The Waimate Spring Shears, with crossbred fullwool and finewool winter comb titles at stake, are on Friday next weekend, before competitors, particularly the woolhandlers, head north for the first North Island shearing and woolhandling championships of the season at the Poverty Bay A and P Shows on October 15 and the Hawke’s Bay show’s Great Raihania Shears six days latere.
Results from the New Zealand Merino Shears shearing and woolhandling championships at Alexandra on Friday-Saturday September 30-October 1:
Shearing:
Open final (12 sheep): Daniel McIntyre (Glen Innes, NSW) 23min 32sec, 81.0167pts, 1; Stacey Te Huia (Alexandra) 22min 44.81sec, 90.0738pts, 2; Nathan Stratford (Alexandra) 24min 30.12sec, 90.0893pts, 3; Leon Samuels (Alexandra) 22min 31.63sec, 90.1648pts, 4; Angus Moore (Seddon) 23min 10.31sec, 92.2655pts, 5; Paul Robertson (West Australia) 26min 19.46sec, 108.1397pts, 6.
Senior final (4 sheep): Russell Ratima (Aria) 10min 26.02sec, 60.803pts, 1; Mitchell Menzies (Ranfurly) 14min 51.56sec, 60.828pts, 2; Scott Cameron (Alexandra) 14min 52.34sec, 62.867pts, 3; Josh Quinn (Seddon) 13min 9.29sec, 74.4645pts, 4; Cole Wells (Tarras) 13min 19.91sec, 76.9955pts, 5; Kevan Stringer (Ranfurly) 14min 41.1sec, 90.805pts, 6.
Woolhandling:
Open: Cushla Abraham (Masterton) 122.458pts, 1; Pagan Rimene (Alexandra) 162.38pts, 2; Amy Ferguson (Invercargill) 192.832pts, 3; Joel Henare (Gisborne) 228.694pts, 4.

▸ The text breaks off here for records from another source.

theorem lemma39:
  fixes M :: "'v mtree" and M' :: "'w mtree" and d :: real
    and lo :: "real \<Rightarrow> (('v \<times> ereal) \<times> ('v \<times> ereal)) set"
    and lo' :: "real \<Rightarrow> (('w \<times> ereal) \<times> ('w \<times> ereal)) set"
  assumes "merge_tree M" and "merge_tree M'"
    and "layer_order M lo" and "layer_order M' lo'"
    and "d \<ge> 0"
    and "\<exists>a b. delta_interleaving M M' d a b \<and>
               monotone_map M lo M' lo' d a \<and> monotone_map M' lo' M lo d b"
  shows "\<exists>a. good_map M M' d a \<and> monotone_map M lo M' lo' d a"
proof -
  obtain a b where "delta_interleaving M M' d a b" and "monotone_map M lo M' lo' d a"
    using assms(6) by blast
  then show ?thesis using delta_interleaving_good_map assms(1,2,5) by blast
qed

end
(* Consider a Fragile multi-CPR Game $G^{(2)}$ with $n\ge1$ players and $m\ge1$ CPRs satisfying the Assumption below, with constraint policies $\vartheta_i$ as defined below, and assume $m\le n$. Let $\mathcal{N}(G^{(2)})\subset\mathcal{C}_n\subset\mathbb{R}^{nm}$ be the set of all Generalized Nash equilibria of $G^{(2)}$. Then the $(n\cdot m)$-dimensional Lebesgue measure of $\mathcal{N}(G^{(2)})$ is zero.
   Context: Let $[k]=\{1,\dots,k\}$. Let $C_m=\{(x_1,\dots,x_m)\in[0,1]^m:\sum_{j}x_j\le1\}$, $\mathcal{C}_n=\prod_{i\in[n]}C_m$, $\mathcal{C}_{-i}=\prod_{[n]\setminus\{i\}}C_m$. A strategy profile is $\mathbf{x}=(\mathbf{x}_1,\dots,\mathbf{x}_n)\in\mathcal{C}_n$, $\mathbf{x}_i=(x_{i1},\dots,x_{im})$; write $\mathbf{x}=(\mathbf{x}_i,\mathbf{x}_{-i})$. Put $\mathbf{x}_T^{(j)}=\sum_{i}x_{ij}$, $\mathbf{x}_T^{j|i}=\sum_{\ell\ne i}x_{\ell j}$. Each CPR $j$ has a return rate $\mathcal{R}_j(t)>1$ and failure probability $p_j(t)\in[0,1]$; each player $i$ has parameters $a_i,k_i$. Effective rate: $\mathcal{F}_{ij}(t)=(\mathcal{R}_j(t)-1)^{a_i}(1-p_j(t))-k_ip_j(t)$; utility: $\mathcal{V}_i(\mathbf{x}_i;\mathbf{x}_{-i})=\sum_j x_{ij}^{a_i}\mathcal{F}_{ij}(\mathbf{x}_T^{(j)})$. Assumption: (1) $p_j(0)=0$, $p_j(t)=1$ for $t\ge1$; (2) $a_i\in(0,1]$, $k_i>0$; (3) each $\mathcal{F}_{ij}$ (continuous on $[0,1]$) has strictly negative first and second derivatives on $(0,1)$. Let $\omega_{ij}\in(0,1)$ be the unique zero of $\mathcal{F}_{ij}$ in $(0,1)$. Active CPRs: $A(\mathbf{x}_{-i})=\{j:\mathbf{x}_T^{j|i}<\omega_{ij}\}$. Constraint policy: $\vartheta_i(\mathbf{x}_{-i})=C_m\cap\big(\prod_{j\in A(\mathbf{x}_{-i})}[0,\omega_{ij}-\mathbf{x}_T^{j|i}]\times\prod_{j\notin A(\mathbf{x}_{-i})}\{0\}\big)$. A Generalized Nash equilibrium is $\mathbf{x}^*\in\mathcal{C}_n$ with, for all $i$, $\mathbf{x}^*_i\in\vartheta_i(\mathbf{x}^*_{-i})$ and $\mathcal{V}_i(\mathbf{x}^*_i;\mathbf{x}^*_{-i})\ge\mathcal{V}_i(\mathbf{y};\mathbf{x}^*_{-i})$ for all $\mathbf{y}\in\vartheta_i(\mathbf{x}^*_{-i})$. *)

theory Defs
  imports "HOL-Analysis.Analysis"
begin

text \<open>Players are indexed by a finite type 'n (n = CARD('n) >= 1), CPRs by a
finite type 'm (m = CARD('m) >= 1). A strategy profile is a point of
real^'m^'n, i.e. of R^(n m); x$i$j is the investment of player i in CPR j.\<close>

definition simplexC :: "(real^'m) set" where
  "simplexC = {v. (\<forall>j. 0 \<le> v$j \<and> v$j \<le> 1) \<and> (\<Sum>j\<in>UNIV. v$j) \<le> 1}"

definition profiles :: "(real^'m^'n) set" where
  "profiles = {x. \<forall>i. x$i \<in> simplexC}"

definition total :: "real^'m^'n \<Rightarrow> 'm \<Rightarrow> real" where
  "total x j = (\<Sum>i\<in>UNIV. x$i$j)"

definition total_except :: "real^'m^'n \<Rightarrow> 'n \<Rightarrow> 'm \<Rightarrow> real" where
  "total_except x i j = (\<Sum>l\<in>UNIV - {i}. x$l$j)"

definition effrate ::
  "('m \<Rightarrow> real \<Rightarrow> real) \<Rightarrow> ('m \<Rightarrow> real \<Rightarrow> real) \<Rightarrow> ('n \<Rightarrow> real) \<Rightarrow> ('n \<Rightarrow> real)
   \<Rightarrow> 'n \<Rightarrow> 'm \<Rightarrow> real \<Rightarrow> real" where
  "effrate R p a k i j t = (R j t - 1) powr (a i) * (1 - p j t) - k i * p j t"

definition utility ::
  "('m \<Rightarrow> real \<Rightarrow> real) \<Rightarrow> ('m \<Rightarrow> real \<Rightarrow> real) \<Rightarrow> ('n \<Rightarrow> real) \<Rightarrow> ('n \<Rightarrow> real)
   \<Rightarrow> 'n \<Rightarrow> real^'m \<Rightarrow> real^'m^'n \<Rightarrow> real" where
  "utility R p a k i y x =
     (\<Sum>j\<in>UNIV. (y$j) powr (a i) * effrate R p a k i j (y$j + total_except x i j))"
lemma out_nbrs_v1_not_subset_outliers: "\<not> out_nbrs A v1 \<subseteq> outliers u"
proof
  assume sub: "out_nbrs A v1 \<subseteq> outliers u"
  obtain x where x: "x \<in> {v, v1}" "x \<in> outliers u" using v_or_v1_outlier by blast
  have "\<not> A v1 x"
  proof
    assume "A v1 x"
    from no_short_walk_from_v1_to_v_or_v1[OF arc_walk[OF this] x(1)] show False
      using k_ge_4 by simp
  qed
  then have outliers_u: "outliers u = insert x (out_nbrs A v1)"
    using outliers_eq_insert_out_nbrs u_in_V in_V(3) sub x(2) by simp
  have "g \<noteq> u" if "walk V A (Suc (Suc 0)) v1 g" for g
  proof
    assume "g = u"
    have "walk V A (Suc (Suc (Suc (Suc 0)))) v u2"
      using walk_Cons[OF arcs(3) walk_snoc[OF that[unfolded \<open>g = u\<close>] arcs(2)]] .
    from walk_length_unique[OF this arc_walk[OF arcs(4)]] show False using k_ge_4 by simp
  qed
  then have "{g. walk V A (Suc (Suc 0)) v1 g} \<subseteq> outliers u2"
    using layer2_in_outliers_u2[of 0 v1 x] x(1) outliers_u in_V(3) by auto
  then have "card {g. walk V A (Suc (Suc 0)) v1 g} \<le> card (outliers u2)"
    by (intro card_mono) (simp_all add: finite_outliers)
  then show False using card_layer[of "Suc (Suc 0)" v1] card_outliers[OF in_V(2)] in_V(3) k_ge_4 by simp
qed

lemma v1_outlier: "v1 \<in> outliers u"
proof (rule ccontr)
  assume "v1 \<notin> outliers u"
  then obtain s where s: "s \<le> k - 1" "walk V A s u1 v1" by (rule v1_near_u1_if_not_outlier)
  have "0 < s" using s(2) u1_ne_v1 by (cases s) auto
  then have "out_nbrs A v1 \<subseteq> outliers u - {v, v1}"
    using out_nbrs_in_outliers_if_near_u1_and_v1(2)[OF s(2), of 0] s(1) in_V k_ge_4 by simp
  then show False using out_nbrs_v1_not_subset_outliers by blast
qed

lemma out_nbr_v1_near_u1:
  assumes "out_nbrs A v1 \<inter> outliers u = {}" "A v1 c"
  shows "c \<in> out_ball (k - 1) u1"
proof -
  have "c \<noteq> u"
  proof
    assume "c = u"
    have "walk V A (Suc 0) u u2" using arc_walk arcs(2) by blast
    from walk_Cons[OF arcs(3) walk_Cons[OF assms(2)[unfolded \<open>c = u\<close>] this]]
    have "walk V A (Suc (Suc (Suc 0))) v u2" .
    moreover have "walk V A (Suc 0) v u2" using arc_walk arcs(4) by blast
    ultimately show False using walk_length_unique k_ge_4 by fastforce
  qed
  moreover have "c \<notin> out_ball (k - 1) u2"
    using walk_from_v1_not_in_out_ball_u2[OF arc_walk[OF assms(2)]] k_ge_4 by simp
  ultimately show ?thesis using assms arc_in_V by (auto simp: mem_outliers_u)
qed

lemma out_nbrs_v1_in_outliers_u2:
  assumes "out_nbrs A v1 \<inter> outliers u = {}"
  shows "out_nbrs A v1 \<subseteq> outliers u2"
  using u2_outlier_if_in_nbr_outlier[OF out_nbr_v1_near_u1[OF assms] _ v1_outlier] by auto

lemma out_nbr_v1_is_u1_or_out_nbr_u1:
  assumes "out_nbrs A v1 \<inter> outliers u = {}" "A v1 c"
  shows "c = u1 \<or> A u1 c"
proof (rule ccontr)
  assume "\<not> (c = u1 \<or> A u1 c)"
  obtain s where s: "s \<le> k - 1" "walk V A s u1 c"
    using out_nbr_v1_near_u1[OF assms] by (auto simp: mem_out_ball)
  have "s \<noteq> 0" using s(2) \<open>\<not> (c = u1 \<or> A u1 c)\<close> by (cases s) auto
  moreover have "s \<noteq> Suc 0" using s(2) \<open>\<not> (c = u1 \<or> A u1 c)\<close> walk_one by metis
  ultimately have out_nbrs_c: "out_nbrs A c \<subseteq> outliers u - {v, v1}"
    using out_nbrs_in_outliers_if_near_u1_and_v1(2)[OF s(2) arc_walk[OF assms(2)]] s(1) k_ge_4 by simp
  have "c \<in> V" using arc_in_V[OF assms(2)] by blast
  have "outliers u = insert v1 (out_nbrs A c)"
    by (rule outliers_eq_insert_out_nbrs[OF u_in_V \<open>c \<in> V\<close> _ v1_outlier]) (use out_nbrs_c in auto)
  then have layer2: "{f. walk V A (Suc (Suc 0)) c f} - {u} \<subseteq> outliers u2"
    using layer2_in_outliers_u2[OF arc_walk[OF assms(2)]] by auto
  have disjoint: "{f. walk V A (Suc (Suc 0)) c f} \<inter> out_nbrs A v1 = {}"
  proof (rule ccontr)
    assume "{f. walk V A (Suc (Suc 0)) c f} \<inter> out_nbrs A v1 \<noteq> {}"
    then obtain f where "walk V A (Suc (Suc 0)) c f" "A v1 f" unfolding out_nbrs_def by blast
    from walk_length_unique[OF walk_Cons[OF assms(2) this(1)] arc_walk[OF this(2)]]
    show False using k_ge_4 by simp
  qed
  have "3 + 2 \<le> card ({f. walk V A (Suc (Suc 0)) c f} - {u}) + card (out_nbrs A v1)"
    using card_layer[of "Suc (Suc 0)" c] arc_in_V[OF assms(2)] card_out_nbrs[OF in_V(3)] k_ge_4
    by (simp add: card_Diff_singleton_if finite_layer)
  also have "\<dots> = card ({f. walk V A (Suc (Suc 0)) c f} - {u} \<union> out_nbrs A v1)"
    by (rule card_Un_disjoint[OF finite_Diff[OF finite_layer] finite_out_nbrs, symmetric])
      (use disjoint in blast)
  also have "\<dots> \<le> card (outliers u2)"
    by (rule card_mono[OF finite_outliers]) (use layer2 out_nbrs_v1_in_outliers_u2[OF assms(1)] in blast)
  finally show False using card_outliers[OF in_V(2)] by simp
qed
lemma lp_norm_antimono:
  assumes "0 < p" "p \<le> q"
  shows "lp_norm q v \<le> lp_norm p v"
proof -
  define n where "n = lp_norm p v"
  have coord: "z powr q \<le> z powr p * n powr (q - p)" if "0 \<le> z" "z \<le> n" for z
  proof -
    have "z powr q = z powr p * z powr (q - p)"
      by (simp flip: powr_add)
    also have "\<dots> \<le> z powr p * n powr (q - p)"
      using that assms by (intro mult_left_mono powr_mono2) auto
    finally show ?thesis .
  qed
  have "\<bar>fst v\<bar> powr q + \<bar>snd v\<bar> powr q \<le> (\<bar>fst v\<bar> powr p + \<bar>snd v\<bar> powr p) * n powr (q - p)"
    using coord[of "\<bar>fst v\<bar>"] coord[of "\<bar>snd v\<bar>"] abs_fst_le_lp_norm abs_snd_le_lp_norm assms
    by (simp add: n_def distrib_right add_mono)
  also have "\<dots> = n powr p * n powr (q - p)"
    using lp_norm_powr[OF assms(1), of v] by (simp add: n_def)
  also have "\<dots> = n powr q"
    by (simp flip: powr_add)
  finally have "(\<bar>fst v\<bar> powr q + \<bar>snd v\<bar> powr q) powr (1 / q) \<le> (n powr q) powr (1 / q)"
    using assms by (intro powr_mono2) auto
  then show ?thesis
    using assms by (simp add: lp_norm_def n_def powr_powr lp_norm_nonneg)
qed

lemma lp_norm_le_two_powr:
  assumes "0 < q" "q \<le> p"
  shows "lp_norm q v \<le> 2 powr (1 / q - 1 / p) * lp_norm p v"
proof -
  define u where "u = \<bar>fst v\<bar> powr q"
  define w where "w = \<bar>snd v\<bar> powr q"
  define n where "n = lp_norm p v"
  have "0 \<le> u" "0 \<le> w" "0 \<le> n"
    by (simp_all add: u_def w_def n_def lp_norm_nonneg)
  have pow_pq: "\<bar>z\<bar> powr p = (\<bar>z\<bar> powr q) powr (p / q)" for z :: real
    using assms by (simp add: powr_powr)
  have "((u + w) / 2) powr (p / q) \<le> (u powr (p / q) + w powr (p / q)) / 2"
    using convex_onD[OF convex_on_powr_nonneg, of "p / q" "1 / 2" u w] assms \<open>0 \<le> u\<close> \<open>0 \<le> w\<close>
    by (simp add: field_simps)
  also have "\<dots> = n powr p / 2"
    using lp_norm_powr[of p v] assms by (simp add: u_def w_def n_def pow_pq)
  finally have "(((u + w) / 2) powr (p / q)) powr (q / p) \<le> (n powr p / 2) powr (q / p)"
    using assms by (intro powr_mono2) auto
  then have "u + w \<le> 2 * (n powr q * (1 / 2) powr (q / p))"
    using assms \<open>0 \<le> u\<close> \<open>0 \<le> w\<close> \<open>0 \<le> n\<close> by (simp add: powr_powr powr_mult powr_divide mult_ac)
  also have "\<dots> = 2 powr (1 - q / p) * n powr q"
    by (simp add: powr_divide powr_diff)
  also have "\<dots> = (2 powr (1 / q - 1 / p) * n) powr q"
  proof -
    have "(1 / q - 1 / p) * q = 1 - q / p"
      using assms by (simp add: field_simps)
    then show ?thesis by (simp add: powr_mult powr_powr)
  qed
  finally have "(u + w) powr (1 / q) \<le> ((2 powr (1 / q - 1 / p) * n) powr q) powr (1 / q)"
    using assms \<open>0 \<le> u\<close> \<open>0 \<le> w\<close> by (intro powr_mono2) auto
  then show ?thesis
    using assms \<open>0 \<le> n\<close> by (simp add: lp_norm_def u_def w_def n_def powr_powr)
qed
lemma QuadRes_52s_minus_180_iff:
  fixes p s :: int
  assumes "prime p" "odd p" "[s^2 = 12] (mod p)"
  shows "QuadRes p (52 * s - 180) \<longleftrightarrow> QuadRes p s"
proof -
  have s: "p dvd s^2 - 12" using assms(3) by (simp add: cong_iff_dvd_diff)
  have not_dvd_2: "\<not> p dvd 2" using assms(1,2) primes_dvd_imp_eq[of p 2] by auto
  then have "\<not> p dvd 2^4" using prime_dvd_power[OF assms(1)] by blast
  then have not_dvd_16: "\<not> p dvd 16" by simp
  have not_dvd_cube: "\<not> p dvd (s - 2)^3"
  proof
    assume "p dvd (s - 2)^3"
    then have "p dvd (s - 2) * (s + 2) - (s^2 - 12)"
      using s assms(1) by (simp add: prime_dvd_power_iff)
    then have "p dvd 2^3" by (simp add: algebra_simps power2_eq_square)
    then show False using not_dvd_2 prime_dvd_power[OF assms(1), of 2 3] by simp
  qed
  have "s * ((s - 2)^3)^2 - (52 * s - 180) * 16^2
      = (s^2 - 12) * (s^5 - 12*s^4 + 72*s^3 - 304*s^2 + 1104*s - 3840)"
    by (simp add: eval_nat_numeral algebra_simps)
  then have "[(52 * s - 180) * 16^2 = s * ((s - 2)^3)^2] (mod p)"
    using s by (simp add: cong_iff_dvd_diff dvd_diff_commute)
  then have "QuadRes p ((52 * s - 180) * 16^2) \<longleftrightarrow> QuadRes p (s * ((s - 2)^3)^2)"
    by (rule QuadRes_cong)
  then show ?thesis
    unfolding QuadRes_mult_square_iff[OF assms(1) not_dvd_16]
      QuadRes_mult_square_iff[OF assms(1) not_dvd_cube] .
qed

lemma quartic_solvable_iff_QuadRes:
  fixes p s :: int
  assumes "prime p" "p mod 4 = 1" "[s^2 = 12] (mod p)"
  shows "(\<exists>z. [z^4 + 360 * z^2 - 48 = 0] (mod p)) \<longleftrightarrow> QuadRes p s"
proof -
  have odd: "odd p" using assms(2) by presburger
  have factors: "[z^4 + 360 * z^2 - 48 = 0] (mod p) \<longleftrightarrow>
      [z^2 = 52 * s - 180] (mod p) \<or> [z^2 = 52 * (-s) - 180] (mod p)" for z
  proof -
    have "z^4 + 360 * z^2 - 48
        = (z^2 - (52 * s - 180)) * (z^2 - (52 * (-s) - 180)) + 2704 * (s^2 - 12)"
      by (simp add: eval_nat_numeral algebra_simps)
    moreover have "p dvd 2704 * (s^2 - 12)"
      using assms(3) unfolding cong_iff_dvd_diff by (rule dvd_mult)
    ultimately have "p dvd z^4 + 360 * z^2 - 48 \<longleftrightarrow>
        p dvd (z^2 - (52 * s - 180)) * (z^2 - (52 * (-s) - 180))"
      by (simp only: dvd_add_left_iff)
    then show ?thesis using assms(1) by (simp add: cong_0_iff cong_iff_dvd_diff prime_dvd_mult_iff)
  qed
  have "(\<exists>z. [z^4 + 360 * z^2 - 48 = 0] (mod p)) \<longleftrightarrow>
      QuadRes p (52 * s - 180) \<or> QuadRes p (52 * (-s) - 180)"
    unfolding factors QuadRes_def by blast
  also have "\<dots> \<longleftrightarrow> QuadRes p s \<or> QuadRes p (-s)"
    using QuadRes_52s_minus_180_iff[OF assms(1) odd assms(3)]
      QuadRes_52s_minus_180_iff[OF assms(1) odd, of "-s"] assms(3) by simp
  also have "\<dots> \<longleftrightarrow> QuadRes p s" using QuadRes_minus_iff[OF assms(1,2)] by simp
  finally show ?thesis .
qed

locale prime_a2_minus_12b2 =
  fixes p a b :: int
  assumes prime_p: "prime p" and p_mod_12: "p mod 12 = 1" and p_eq: "p = a^2 - 12 * b^2"
begin

lemma prime_dvd_a_b_eq:
  assumes "prime q" "q dvd a" "q dvd b"
  shows "q = p"
proof -
  have "q dvd a^2 - 12 * b^2" using assms(2,3) by (simp add: power2_eq_square)
  then show ?thesis using p_eq primes_dvd_imp_eq[OF assms(1) prime_p] by simp
qed

lemma p_gt_12: "12 < p"
  using p_mod_12 prime_gt_1_int[OF prime_p] by presburger

lemma p_mod_4: "p mod 4 = 1"
  using p_mod_12 by presburger

lemma a_square_eq: "a^2 = p + 12 * b^2"
  using p_eq by simp

lemma not_dvd_b: "\<not> p dvd b"
proof
  assume "p dvd b"
  then have "p dvd p + 12 * b^2" by (simp add: power2_eq_square)
  then have "p dvd a^2" by (simp add: a_square_eq)
  then have "p dvd a" using prime_dvd_power[OF prime_p] by blast
  then have "p^2 dvd a^2 - 12 * b^2" using \<open>p dvd b\<close> by (simp add: dvd_diff)
  then have "p^2 \<le> p" using p_eq prime_gt_0_int[OF prime_p] by (simp add: zdvd_imp_le)
  then show False using prime_gt_1_int[OF prime_p] by (simp add: power2_eq_square)
qed

lemma not_dvd_a: "\<not> p dvd a"
proof
  assume "p dvd a"
  then have "p dvd a^2 - p" by (simp add: power2_eq_square)
  then have "p dvd 12 * b^2" by (simp add: a_square_eq)
  moreover have "\<not> p dvd 12" using p_gt_12 by (auto dest: zdvd_imp_le)
  ultimately show False using not_dvd_b prime_p by (simp add: prime_dvd_mult_iff prime_dvd_power_iff)
qed

lemma odd_a: "odd a"
proof
  assume "even a"
  then have "even (p + 12 * b^2)" by (simp flip: a_square_eq)
  then show False using p_mod_12 by presburger
qed

lemma Legendre_prime_dvd_b:
  assumes "prime q" "q dvd b"
  shows "Legendre q p = 1"
proof (cases "q = 2")
  case True
  then obtain c where c: "b = 2 * c" using assms(2) by blast
  obtain u where u: "a = 2 * u + 1" using odd_a by (blast elim: oddE)
  have "even (u * (u + 1))" by simp
  then obtain w where "u * (u + 1) = 2 * w" by blast
  then have "p - 1 = 8 * (w - 6 * c^2)" using p_eq unfolding c u by (simp add: power2_eq_square algebra_simps)
  then have "8 dvd p - 1" by simp
  then have "p mod 8 = 1" by presburger
  then show ?thesis using Legendre_two[OF prime_p] True by simp
next
  case False
  then have "2 < q" using prime_ge_2_int[OF assms(1)] by simp
  have "q \<noteq> p" using assms(2) not_dvd_b by auto
  then have "\<not> q dvd a" using prime_dvd_a_b_eq assms by blast
  have "q dvd 12 * b^2" using assms(2) by (simp add: power2_eq_square)
  then have "q dvd a^2 - p" by (simp add: a_square_eq)
  then have "[p = a^2] (mod q)" by (simp add: cong_iff_dvd_diff dvd_diff_commute)
  then have "Legendre p q = 1"
    using Legendre_cong[OF assms(1) \<open>2 < q\<close>] Legendre_square[OF assms(1) \<open>\<not> q dvd a\<close>] by simp
  then show ?thesis
    using Legendre_reciprocity_1_mod_4 prime_p p_mod_4 assms(1) \<open>2 < q\<close> \<open>q \<noteq> p\<close> by simp
qed

lemma Legendre_prime_dvd_a:
  assumes "prime q" "q dvd a"
  shows "Legendre q p = Legendre q 3"
proof -
  have "q dvd a^2" using assms(2) by (simp add: power2_eq_square)
  have "q \<noteq> 2" using odd_a assms(2) by auto
  moreover have "q \<noteq> 3"
  proof
    assume "q = 3"
    then have "3 dvd p + 12 * b^2" using \<open>q dvd a^2\<close> by (simp add: a_square_eq)
    then have "3 dvd p" by (simp add: dvd_add_left_iff)
    then show False using p_mod_12 by presburger
  qed
  ultimately have "3 < q" using prime_ge_2_int[OF assms(1)] by simp
  have "\<not> q dvd b" using prime_dvd_a_b_eq assms not_dvd_a by blast
  then have "\<not> q dvd 2 * b" using assms(1) \<open>3 < q\<close> by (auto simp: prime_dvd_mult_iff dest: zdvd_imp_le)
  have "q \<noteq> p" using assms(2) not_dvd_a by auto
  have "p - (-3) * (2 * b)^2 = a^2" by (simp add: a_square_eq power_mult_distrib)
  then have "[p = -3 * (2 * b)^2] (mod q)" using \<open>q dvd a^2\<close> by (simp add: cong_iff_dvd_diff)
  then have "Legendre p q = Legendre (-3 * (2 * b)^2) q"
    using \<open>3 < q\<close> by (intro Legendre_cong[OF assms(1)]) simp_all
  also have "\<dots> = Legendre (-3) q * Legendre ((2 * b)^2) q"
    using \<open>3 < q\<close> by (intro Legendre_mult[OF assms(1)]) simp
  finally have "Legendre p q = Legendre q 3"
    using Legendre_square[OF assms(1) \<open>\<not> q dvd 2 * b\<close>] Legendre_minus_three[OF assms(1) \<open>3 < q\<close>] by simp
  then show ?thesis
    using Legendre_reciprocity_1_mod_4 prime_p p_mod_4 assms(1) \<open>3 < q\<close> \<open>q \<noteq> p\<close> by simp
qed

Senior: Tamara Marshall (Waekaretu) 127.156pts, 1; Ripeka Ferris 164.688pts, 2; Amberlee Kahukura (Mataura) 240.368pts, 3; Jess Toa (Ashburton) 249.7pts, 4.
Junior: Shakira Matenga (North Otago) 184.744pts, 1; Jamie Penfold (-) 190.726pts, 2; Emma Martin (Gore) 200.7pts, 3; Tia Manson Piopio) 204.82pts, 4.
Shearing and woolhandling:
Transtasman (four sheep): REDI-e First Nation Indigenous Australia (Daniel McIntyre, Dom White, Angela Wakely, Kristal Weatherall) 10min 8.13sec, 281.813pts, beat NZ Merino Shears (Angus Moore, Scott Cameron, Cushla Abraham, Tamara Marshall) 10min 4.16sec, 352.216pts.
NZ Merino Shears Teams: The Shilly Team 9min 57.06sec, 248.106pts, 1; Team Peter Lyon 10min 25.06sec, 281.906pts, 2; Yeah Nah 10min 26.97sec, 337.497pts, 3.